▶ **Source material**:
end

theory Submission
  imports Defs
begin

text \<open>For a in Stab_G(f) we have f(ax) = f(a)f(x), so the distributor [r,x;f] depends only on
  the right coset Stab_G(f) r. Hence for K \<le> Stab_G(f) the product over representatives of the
  cosets of K is the product P over representatives of the cosets of Stab_G(f), raised to the
  power [Stab_G(f):K]; everything happens in the abelian group [G,G;f]. Since
  [G:K] = [G:Stab_G(f)] [Stab_G(f):K], the exponent [Stab_G(f):K] m is an inverse of
  [G:Stab_G(f)] modulo |[G,G;f]|, which divides |A|; such inverses are unique, so the value does
  not depend on the data.\<close>

lemma cong_inverse_unique_int:
  fixes a b n q :: int
  assumes "[a * n = 1] (mod q)" "[b * n = 1] (mod q)"
  shows "[a = b] (mod q)"
proof -
  have "[a = a * (b * n)] (mod q)"
    using cong_scalar_left[OF assms(2), of a] by (simp add: cong_sym)
  also have "a * (b * n) = b * (a * n)" by (simp add: ac_simps)
  also have "[b * (a * n) = b] (mod q)"
    using cong_scalar_left[OF assms(1), of b] by simp
  finally show ?thesis .
qed

lemma (in group) comm_group_subgroupI:
  assumes "subgroup A G" and "\<And>a b. a \<in> A \<Longrightarrow> b \<in> A \<Longrightarrow> a \<otimes> b = b \<otimes> a"
  shows "comm_group (G\<lparr>carrier := A\<rparr>)"
  by (rule group.group_comm_groupI[OF subgroup.subgroup_is_group[OF assms(1) is_group]])
     (simp add: assms(2))

lemma (in group) finprod_subgroup_carrier_eq:
  assumes A: "comm_group (G\<lparr>carrier := A\<rparr>)" and D: "subgroup D G" "D \<subseteq> A"
    and g: "g \<in> I \<rightarrow> D"
  shows "finprod (G\<lparr>carrier := A\<rparr>) g I = finprod (G\<lparr>carrier := D\<rparr>) g I"
proof (cases "finite I")
  case True
  interpret A: comm_group "G\<lparr>carrier := A\<rparr>" by (rule A)
  interpret D: comm_group "G\<lparr>carrier := D\<rparr>"
    using comm_group_subgroupI[OF D(1)] A.m_comm D(2) by (simp add: subset_iff)
  show ?thesis using True g
  proof (induction I rule: finite_induct)
    case (insert i I)
    then have "g \<in> insert i I \<rightarrow> A" using D(2) by blast
    with insert show ?case
      by (simp add: A.finprod_insert D.finprod_insert Pi_iff)
  qed simp
qed (simp add: finprod_def)

lemma (in comm_group) finprod_nat_pow:
  assumes "g \<in> I \<rightarrow> carrier G"
  shows "finprod G (\<lambda>i. g i [^] (n::nat)) I = finprod G g I [^] n"
proof (induction n)
  case (Suc n)
  have "finprod G (\<lambda>i. g i [^] Suc n) I = finprod G (\<lambda>i. g i [^] n \<otimes> g i) I" by simp
  also have "\<dots> = finprod G (\<lambda>i. g i [^] n) I \<otimes> finprod G g I"
    by (rule finprod_multf) (use assms in auto)
  finally show ?case using Suc by simp
qed simp

lemma (in group) int_pow_cong_card_subgroup:
  assumes D: "subgroup D G" and x: "x \<in> D" and e: "[e1 = e2] (mod int (card D))"
  shows "x [^] e1 = x [^] e2"
proof -
  interpret D: group "G\<lparr>carrier := D\<rparr>" using subgroup.subgroup_is_group[OF D is_group] .
  have "int (D.ord x) dvd int (card D)"
    using D.ord_dvd_group_order x by (simp add: order_def)
  also have "int (card D) dvd e2 - e1" using cong_sym[OF e] by (simp add: cong_iff_dvd_diff)
  finally have "x [^]\<^bsub>G\<lparr>carrier := D\<rparr>\<^esub> e1 = x [^]\<^bsub>G\<lparr>carrier := D\<rparr>\<^esub> e2"
    using D.int_pow_eq x by simp
  then show ?thesis using int_pow_consistent[OF D x] by simp
qed

lemma (in group) card_subgroup_dvd:
  assumes "subgroup I G" "subgroup J G" "I \<subseteq> J"
  shows "card I dvd card J"
proof -
  interpret J: group "G\<lparr>carrier := J\<rparr>" using subgroup.subgroup_is_group[OF assms(2) is_group] .
  have "card (rcosets\<^bsub>G\<lparr>carrier := J\<rparr>\<^esub> I) * card I = card J"
    using J.lagrange[OF subgroup_incl[OF assms]] by (simp add: order_def)
  then show ?thesis by (metis dvd_triv_right)
qed

lemma (in group) card_rcosets_tower:
  assumes fin: "finite (carrier G)" and K: "subgroup K G" and S: "subgroup S G" and KS: "K \<subseteq> S"
  shows "card (rcosets K) = card (rcosets S) * (card S div card K)"
proof -
  have "card K > 0"
    using finite_subset[OF subgroup.subset[OF K] fin] subgroup.one_closed[OF K]
    by (auto simp: card_gt_0_iff)
  moreover have "card S = card S div card K * card K"
    using card_subgroup_dvd[OF K S KS] by simp
  moreover have "card (rcosets K) * card K = card (rcosets S) * card S"
    using lagrange[OF K] lagrange[OF S] by simp
  ultimately show ?thesis by (metis mult.assoc mult_right_cancel not_gr0)
qed

lemma (in group) rcoset_representatives_exist:
  assumes K: "subgroup K G"
  obtains R where "R \<subseteq> carrier G" "bij_betw (\<lambda>r. K #> r) R (rcosets K)"
proof -
  define rep where "rep c = (SOME r. r \<in> c)" for c :: "'a set"
  have rep: "rep c \<in> c" "K #> rep c = c" if c: "c \<in> rcosets K" for c
  proof -
    obtain a where a: "a \<in> carrier G" "c = K #> a" using c unfolding RCOSETS_def by auto
    have "a \<in> c" using a rcos_self[OF a(1) K] by simp
    then show r: "rep c \<in> c" unfolding rep_def by (rule someI)
    show "K #> rep c = c" using repr_independence[OF _ a(1) K] r a(2) by simp
  qed
  have "rep ` (rcosets K) \<subseteq> carrier G"
    using rep(1) rcosets_part_G[OF K] by blast
  moreover have "bij_betw (\<lambda>r. K #> r) (rep ` (rcosets K)) (rcosets K)"
    unfolding bij_betw_def
  proof
    show "inj_on (\<lambda>r. K #> r) (rep ` (rcosets K))"
      unfolding inj_on_def using rep(2) by auto
    show "(\<lambda>r. K #> r) ` rep ` (rcosets K) = rcosets K"
      using rep(2) by (auto simp: image_image)
  qed
  ultimately show thesis by (rule that)
qed

lemma (in group) representative_of_rcoset:
  assumes K: "subgroup K G" and R: "bij_betw (\<lambda>r. K #> r) R (rcosets K)" and g: "g \<in> carrier G"
  obtains r where "r \<in> R" "g \<in> K #> r"
proof -
  obtain r where "r \<in> R" "K #> r = K #> g"
    using R rcosetsI[OF subgroup.subset[OF K] g] unfolding bij_betw_def by (metis imageE)
  then show thesis using that rcos_self[OF g K] by simp
qed

lemma (in group) representatives_rcosets_disjoint:
  assumes K: "subgroup K G" and R: "bij_betw (\<lambda>r. K #> r) R (rcosets K)"
    and "r \<in> R" "r' \<in> R" "r \<noteq> r'"
  shows "disjnt (K #> r) (K #> r')"
proof -
  have "K #> r \<noteq> K #> r'" using R assms(3-5) unfolding bij_betw_def inj_on_def by auto
  moreover have "K #> r \<in> rcosets K" "K #> r' \<in> rcosets K"
    using R assms(3,4) unfolding bij_betw_def by auto
  ultimately show ?thesis using rcos_disjoint[OF K] unfolding pairwise_def disjnt_def by blast
qed

lemma (in group) rcoset_eq_UN_representatives:
  assumes K: "subgroup K G" and S: "subgroup S G" and KS: "K \<subseteq> S"
    and R: "R \<subseteq> carrier G" "bij_betw (\<lambda>r. K #> r) R (rcosets K)" and a: "a \<in> carrier G"
  shows "S #> a = (\<Union>r \<in> R \<inter> (S #> a). K #> r)"
proof (intro equalityI subsetI)
  fix g assume g: "g \<in> S #> a"
  have gc: "g \<in> carrier G" using g a r_coset_subset_G[OF subgroup.subset[OF S]] by blast
  obtain r where r: "r \<in> R" "g \<in> K #> r" using representative_of_rcoset[OF K R(2) gc] .
  have rc: "r \<in> carrier G" using r(1) R(1) by auto
  have "S #> g = S #> r"
    using repr_independence[OF _ rc S] r(2) KS unfolding r_coset_def by blast
  then have "r \<in> S #> a" using repr_independence[OF g a S] rcos_self[OF rc S] by simp
  with r show "g \<in> (\<Union>r \<in> R \<inter> (S #> a). K #> r)" by blast
next
  fix g assume "g \<in> (\<Union>r \<in> R \<inter> (S #> a). K #> r)"
  then obtain r where r: "r \<in> R" "r \<in> S #> a" "g \<in> K #> r" by blast
  have "S #> r = S #> a" using repr_independence[OF r(2) a S] by simp
  moreover have "g \<in> S #> r" using r(3) KS unfolding r_coset_def by blast
  ultimately show "g \<in> S #> a" by simp
qed

lemma (in group) card_representatives_in_rcoset:
  assumes fin: "finite (carrier G)" and K: "subgroup K G" and S: "subgroup S G" and KS: "K \<subseteq> S"
    and R: "R \<subseteq> carrier G" "bij_betw (\<lambda>r. K #> r) R (rcosets K)" and a: "a \<in> carrier G"
  shows "card (R \<inter> (S #> a)) = card S div card K"
proof -
  have Ksub: "K \<subseteq> carrier G" using subgroup.subset[OF K] .
  have "card S = card (S #> a)"
    using card_rcosets_equal[OF rcosetsI[OF subgroup.subset[OF S] a] subgroup.subset[OF S]] .
  also have "\<dots> = card (\<Union>r \<in> R \<inter> (S #> a). K #> r)"
    by (rule arg_cong[OF rcoset_eq_UN_representatives[OF K S KS R a]])
  also have "\<dots> = (\<Sum>r \<in> R \<inter> (S #> a). card (K #> r))"
  proof (rule card_UN_disjoint)
    show "finite (R \<inter> (S #> a))" using finite_subset[OF R(1) fin] by simp
    show "\<forall>r \<in> R \<inter> (S #> a). finite (K #> r)"
      using R(1) fin r_coset_subset_G[OF Ksub] finite_subset by blast
    show "\<forall>r \<in> R \<inter> (S #> a). \<forall>r' \<in> R \<inter> (S #> a). r \<noteq> r' \<longrightarrow> (K #> r) \<inter> (K #> r') = {}"
      using representatives_rcosets_disjoint[OF K R(2)] by (simp add: disjnt_def)
  qed
  also have "\<dots> = (\<Sum>r \<in> R \<inter> (S #> a). card K)"
    using card_rcosets_equal[OF rcosetsI[OF Ksub] Ksub] R(1) by (intro sum.cong) auto
  also have "\<dots> = card (R \<inter> (S #> a)) * card K" by simp
  finally have "card S = card (R \<inter> (S #> a)) * card K" .
  moreover have "card K > 0"
    using finite_subset[OF Ksub fin] subgroup.one_closed[OF K] by (auto simp: card_gt_0_iff)
  ultimately show ?thesis by simp
qed

lemma (in group) finprod_representatives_refine:
  assumes fin: "finite (carrier G)" and M: "comm_group M"
    and K: "subgroup K G" and S: "subgroup S G" and KS: "K \<subseteq> S"
    and R: "R \<subseteq> carrier G" "bij_betw (\<lambda>r. K #> r) R (rcosets K)"
    and R0: "R0 \<subseteq> carrier G" "bij_betw (\<lambda>r. S #> r) R0 (rcosets S)"
    and g: "g \<in> carrier G \<rightarrow> carrier M"
    and g_const: "\<And>s r. s \<in> S \<Longrightarrow> r \<in> carrier G \<Longrightarrow> g (s \<otimes> r) = g r"
  shows "finprod M g R = finprod M g R0 [^]\<^bsub>M\<^esub> (card S div card K)"
proof -
  interpret M: comm_group M by (rule M)
  have R_eq: "R = (\<Union>a \<in> R0. R \<inter> (S #> a))"
  proof (intro equalityI subsetI)
    fix r assume r: "r \<in> R"
    then have "r \<in> carrier G" using R(1) by auto
    then obtain a where "a \<in> R0" "r \<in> S #> a" by (rule representative_of_rcoset[OF S R0(2)])
    with r show "r \<in> (\<Union>a \<in> R0. R \<inter> (S #> a))" by blast
  qed blast
  have slice: "finprod M g (R \<inter> (S #> a)) = g a [^]\<^bsub>M\<^esub> (card S div card K)" if a: "a \<in> R0" for a
  proof -
    have ac: "a \<in> carrier G" using a R0(1) by auto
    have "finprod M g (R \<inter> (S #> a)) = finprod M (\<lambda>_. g a) (R \<inter> (S #> a))"
      by (rule M.finprod_cong') (use g ac R(1) g_const in \<open>auto simp: r_coset_def\<close>)
    also have "\<dots> = g a [^]\<^bsub>M\<^esub> card (R \<inter> (S #> a))"
      by (rule M.finprod_const) (use g ac in blast)
    also have "card (R \<inter> (S #> a)) = card S div card K"
      by (rule card_representatives_in_rcoset[OF fin K S KS R ac])
    finally show ?thesis .
  qed
  have "finprod M g R = finprod M g (\<Union>a \<in> R0. R \<inter> (S #> a))"
    by (rule arg_cong[OF R_eq])
  also have "\<dots> = finprod M (\<lambda>a. finprod M g (R \<inter> (S #> a))) R0"
  proof (rule M.finprod_UN_disjoint)
    show "pairwise (\<lambda>a b. disjnt (R \<inter> (S #> a)) (R \<inter> (S #> b))) R0"
      using representatives_rcosets_disjoint[OF S R0(2)] by (simp add: pairwise_def disjnt_def) blast
  qed (use finite_subset[OF R(1) fin] finite_subset[OF R0(1) fin] g R(1) in auto)
  also have "\<dots> = finprod M (\<lambda>a. g a [^]\<^bsub>M\<^esub> (card S div card K)) R0"
    by (rule M.finprod_cong') (use slice g R0(1) in auto)
  also have "\<dots> = finprod M g R0 [^]\<^bsub>M\<^esub> (card S div card K)"
    by (rule M.finprod_nat_pow) (use g R0(1) in auto)
  finally show ?thesis .
qed

locale identity_preserving_map = G: group G + H: group H for G (structure) and H and f +
  assumes f_closed: "f \<in> carrier G \<rightarrow> carrier H" and f_one: "f \<one> = \<one>\<^bsub>H\<^esub>"
begin

abbreviation "S \<equiv> Stab G H f"
abbreviation "D \<equiv> distr_subgroup G H f"
abbreviation "d \<equiv> distributor G H f"

lemma f_in_carrier [simp]: "x \<in> carrier G \<Longrightarrow> f x \<in> carrier H"
  using f_closed by blast

lemma mem_Stab_iff: "a \<in> S \<longleftrightarrow> a \<in> carrier G \<and> (\<forall>x \<in> carrier G. f (a \<otimes> x) = f a \<otimes>\<^bsub>H\<^esub> f x)"
proof -
  have "inv\<^bsub>H\<^esub> (f a) \<otimes>\<^bsub>H\<^esub> f (a \<otimes> x) = f x \<longleftrightarrow> f (a \<otimes> x) = f a \<otimes>\<^bsub>H\<^esub> f x"
    if "a \<in> carrier G" "x \<in> carrier G" for x
    using that by (metis G.m_closed H.inv_solve_left f_in_carrier)
  then show ?thesis unfolding Stab_def fshift_def by auto
qed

▶ **What is expected**: The line above containing "a)) = finprod", the line containing "by (rule arg_cong[OF R_eq])", and every line between them are to be transcribed exactly; no other line is wanted.

▶ **Response**:
    have "finprod M g (R \<inter> (S #> a)) = finprod M (\<lambda>_. g a) (R \<inter> (S #> a))"
      by (rule M.finprod_cong') (use g ac R(1) g_const in \<open>auto simp: r_coset_def\<close>)
    also have "\<dots> = g a [^]\<^bsub>M\<^esub> card (R \<inter> (S #> a))"
      by (rule M.finprod_const) (use g ac in blast)
    also have "card (R \<inter> (S #> a)) = card S div card K"
      by (rule card_representatives_in_rcoset[OF fin K S KS R ac])
    finally show ?thesis .
  qed
  have "finprod M g R = finprod M g (\<Union>a \<in> R0. R \<inter> (S #> a))"
    by (rule arg_cong[OF R_eq])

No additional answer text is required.